Fatores de permanência
A consultoria Cambridge realizou um estudo, partindo das listas de bilionários da Forbes Brasil, para saber o as empresas centenárias brasileiras fizeram de diferente. Dezenas de empresários e executivos foram entrevistados. “Verificamos que há alguns diferenciais para a longevidade”, afirma Dias. “Os principais são a união das famílias em torno de um propósito, o cuidado com a excelência operacional, a melhoria contínua de processos e serviços e o desenvolvimento dos talentos, familiares ou não.”
No entanto, mesmo necessárias, essas condições não são suficientes. As empresas longevas têm algumas características comuns. A capacidade de as lideranças tomarem decisões difíceis em momentos adversos, uma boa capacidade de resolução de conflitos e a convicção de que a família serve ao negócio, e não o contrário”, diz a consultora.
Essas são as características das pessoas físicas. E no caso das pessoas jurídicas? Segundo Zema, as empresas familiares brasileiras que sobrevivem às mudanças de geração combinam, além do legado, posicionamento e a aceitação de mudanças. O posicionamento refere-se à atividade. Se a empresa é líder ou seguidora em seu setor, qual sua relevância – e o que é preciso fazer para tornar-se mais relevante. Por exemplo, mudar o segmento de atuação e como fazer isso. Por exemplo, definindo desinvestimentos. “O ambiente brasileiro é muito desafiador e dinâmico, é preciso ter capacidade de adaptação e de inovação, sem descuidar da governança”, diz ele.
Sustentabilidade
Entre os palestrantes estava Beatriz Johannpeter, filha de Jorge e irmã de André Gerdau, que dirige o Instituto Helda Gerdau. Arquiteta de formação, consultora de famílias empresárias e diretora do Instituto Helda Gerdau. Bea, como é conhecida, contou que o processo de sucessão é contínuo em sua família. Isso criou a necessidade de atualização no engajamento dos novos integrantes. A Gerdau começou como uma fábrica de pregos em 1901, e chegou sólida à quinta geração dos controladores. Isso demandou a atualização de estruturas e regras. “Entendemos que as pessoas de nossa família têm diferentes papéis: como acionistas, no dia a dia do instituto familiar, batizado com o nome da minha avó e que é apartado do instituto corporativo”, diz ela.
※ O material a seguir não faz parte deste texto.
text \<open>The absolute row sums of \<open>(S + tP)\<^sup>-\<^sup>1\<close> for small \<open>t \<ge> 0\<close>, when the left inverse \<open>A\<close> of
  \<open>S\<close> has no zero entry: \<open>t\<close> is chosen so small that the expansion above applies and \<open>t A P A\<close>
  stays below the smallest entry of \<open>|A|\<close>.\<close>

lemma perturbed_inverse_row_sums:
  fixes S P A :: "real^'n^'n"
  assumes left_inv: "A ** S = mat 1" and nonzero: "\<And>i j. A $ i $ j \<noteq> 0"
  obtains \<delta> K where "\<delta> > 0"
    and "\<And>i t. 0 \<le> t \<Longrightarrow> t \<le> \<delta> \<Longrightarrow>
          \<bar>(\<Sum>j\<in>UNIV. \<bar>matrix_inv (S + t *\<^sub>R P) $ i $ j\<bar>)
           - ((\<Sum>j\<in>UNIV. \<bar>A $ i $ j\<bar>) - t * (\<Sum>j\<in>UNIV. sgn (A $ i $ j) * (A ** P ** A) $ i $ j))\<bar>
         \<le> K * t\<^sup>2"
proof -
  define B where "B = A ** P ** A"
  define m where "m = Min (range (\<lambda>(i, j). \<bar>A $ i $ j\<bar>))"
  have m_le: "m \<le> \<bar>A $ i $ j\<bar>" for i j
    unfolding m_def by (rule Min_le) auto
  have "m \<in> range (\<lambda>(i, j). \<bar>A $ i $ j\<bar>)"
    unfolding m_def by (rule Min_in) auto
  then have m_pos: "m > 0"
    using nonzero by auto
  define \<delta> where "\<delta> = min (1 / (2 * (l1_norm (A ** P) + 1))) (m / (l1_norm B + 1))"
  define K where "K = real CARD('n) * (2 * l1_norm (A ** P)^2 * l1_norm A)"
  have "\<delta> > 0"
    unfolding \<delta>_def using m_pos l1_norm_nonneg[of B] l1_norm_nonneg[of "A ** P"] by simp
  moreover have "\<bar>(\<Sum>j\<in>UNIV. \<bar>matrix_inv (S + t *\<^sub>R P) $ i $ j\<bar>)
           - ((\<Sum>j\<in>UNIV. \<bar>A $ i $ j\<bar>) - t * (\<Sum>j\<in>UNIV. sgn (A $ i $ j) * B $ i $ j))\<bar>
         \<le> K * t\<^sup>2" if t: "0 \<le> t" "t \<le> \<delta>" for i t
  proof -
    have "t * l1_norm (A ** P) \<le> 1 / (2 * (l1_norm (A ** P) + 1)) * l1_norm (A ** P)"
      using t l1_norm_nonneg[of "A ** P"] by (intro mult_right_mono) (auto simp: \<delta>_def)
    also have "\<dots> \<le> 1/2"
      using l1_norm_nonneg[of "A ** P"] by (simp add: field_simps)
    finally have expansion:
      "l1_norm (matrix_inv (S + t *\<^sub>R P) - (A - t *\<^sub>R B)) \<le> 2 * l1_norm (A ** P)^2 * l1_norm A * t\<^sup>2"
      using perturbed_inverse_expansion[OF left_inv t(1)] unfolding B_def by blast
    have close: "\<bar>matrix_inv (S + t *\<^sub>R P) $ i $ j - (A $ i $ j - t * B $ i $ j)\<bar>
                   \<le> 2 * l1_norm (A ** P)^2 * l1_norm A * t\<^sup>2" for j
      using order.trans[OF entry_le_l1_norm expansion, of i j] by simp
    have small: "\<bar>t * B $ i $ j\<bar> \<le> \<bar>A $ i $ j\<bar>" for j
    proof -
      have "t \<le> m / (l1_norm B + 1)"
        using t(2) by (simp add: \<delta>_def)
      then have "\<bar>t * B $ i $ j\<bar> \<le> m / (l1_norm B + 1) * l1_norm B"
        unfolding abs_mult using t(1) entry_le_l1_norm[of B i j] by (intro mult_mono) auto
      also have "\<dots> \<le> m"
        using m_pos l1_norm_nonneg[of B] by (simp add: field_simps)
      finally show ?thesis using m_le[of i j] by linarith
    qed
    show ?thesis
      using row_abs_sum_first_order[OF close small] unfolding K_def by (simp add: mult_ac)
  qed
  ultimately show ?thesis
    using that unfolding B_def by blast
qed

section \<open>One-sided derivatives of maxima\<close>

text \<open>A quadratic error bound \<open>|f t - (c + t D)| \<le> K t\<^sup>2\<close> on \<open>[0, \<delta>]\<close> gives the right derivative
  \<open>D\<close> at \<open>0\<close>: the difference quotients are within \<open>K t\<close> of \<open>D\<close>.\<close>

lemma has_real_derivative_at_right_from_quadratic_bound:
  fixes f :: "real \<Rightarrow> real"
  assumes "\<delta> > 0" and bound: "\<And>t. 0 \<le> t \<Longrightarrow> t \<le> \<delta> \<Longrightarrow> \<bar>f t - (c + t * D)\<bar> \<le> K * t\<^sup>2"
  shows "(f has_real_derivative D) (at 0 within {0..})"
proof -
  have f0: "f 0 = c"
    using bound[of 0] \<open>\<delta> > 0\<close> by simp
  have "\<forall>\<^sub>F t in at 0 within {0..}. norm ((f t - f 0) / (t - 0) - D) \<le> K * t"
    unfolding eventually_at
  proof (intro exI[of _ \<delta>] conjI ballI impI \<open>\<delta> > 0\<close>)
    fix t :: real
    assume "t \<in> {0..}" "t \<noteq> 0 \<and> dist t 0 < \<delta>"
    then have t: "0 < t" "t \<le> \<delta>" by auto
    have "(f t - f 0) / (t - 0) - D = (f t - (c + t * D)) / t"
      using t by (simp add: f0 field_simps)
    also have "\<bar>\<dots>\<bar> \<le> K * t\<^sup>2 / t"
      using bound[of t] t by (simp add: divide_right_mono)
    finally show "norm ((f t - f 0) / (t - 0) - D) \<le> K * t"
      using t by (simp add: power2_eq_square)
  qed
  moreover have "((\<lambda>t. K * t) \<longlongrightarrow> 0) (at 0 within {0..})"
    by (auto intro!: tendsto_eq_intros)
  ultimately have "((\<lambda>t. (f t - f 0) / (t - 0) - D) \<longlongrightarrow> 0) (at 0 within {0..})"
    by (rule Lim_null_comparison)
  then show ?thesis
    unfolding has_field_derivative_iff LIM_zero_iff .
qed

lemma Max_first_order:
  fixes g :: "'i::finite \<Rightarrow> real \<Rightarrow> real"
  assumes "\<delta> > 0"
    and bound: "\<And>i t. 0 \<le> t \<Longrightarrow> t \<le> \<delta> \<Longrightarrow> \<bar>g i t - (c + t * d i)\<bar> \<le> K * t\<^sup>2"
  shows "((\<lambda>t. Max (range (\<lambda>i. g i t))) has_real_derivative Max (range d)) (at 0 within {0..})"
proof (rule has_real_derivative_at_right_from_quadratic_bound[OF \<open>\<delta> > 0\<close>])
  fix t :: real
  assume t: "0 \<le> t" "t \<le> \<delta>"
  have upper: "Max (range (\<lambda>i. g i t)) \<le> c + t * Max (range d) + K * t\<^sup>2"
  proof (rule Max.boundedI)
    fix y
    assume "y \<in> range (\<lambda>i. g i t)"
    then obtain i where "y = g i t" by auto
    moreover have "t * d i \<le> t * Max (range d)"
      using t by (intro mult_left_mono Max_ge) auto
    ultimately show "y \<le> c + t * Max (range d) + K * t\<^sup>2"
      using bound[OF t, of i] by (simp add: abs_le_iff)
  qed auto
  have "Max (range d) \<in> range d"
    by (rule Max_in) auto
  then obtain i0 where i0: "Max (range d) = d i0"
    by blast
  have "g i0 t \<le> Max (range (\<lambda>i. g i t))"
    by (rule Max_ge) auto
  then have "c + t * Max (range d) - K * t\<^sup>2 \<le> Max (range (\<lambda>i. g i t))"
    using bound[OF t, of i0] unfolding i0 abs_le_iff by linarith
  with upper show "\<bar>Max (range (\<lambda>i. g i t)) - (c + t * Max (range d))\<bar> \<le> K * t\<^sup>2"
    unfolding abs_le_iff by linarith
qed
A arquiteta é defensora da governança e do impacto social corporativo. “A sociedade está amadurecendo do ponto de vista socioambiental e esses desafios se tornaram mais visíveis”, diz ela. Os investidores são cada vez mais ativos e isso pressiona as empresas a desenvolver práticas de sustentabilidade. “As empresas que não criarem formas de gerar lucro com propósito serão penalizadas, vão perder diferenciais estratégicos, uma vez que o capitalismo de stakeholders já é uma realidade.”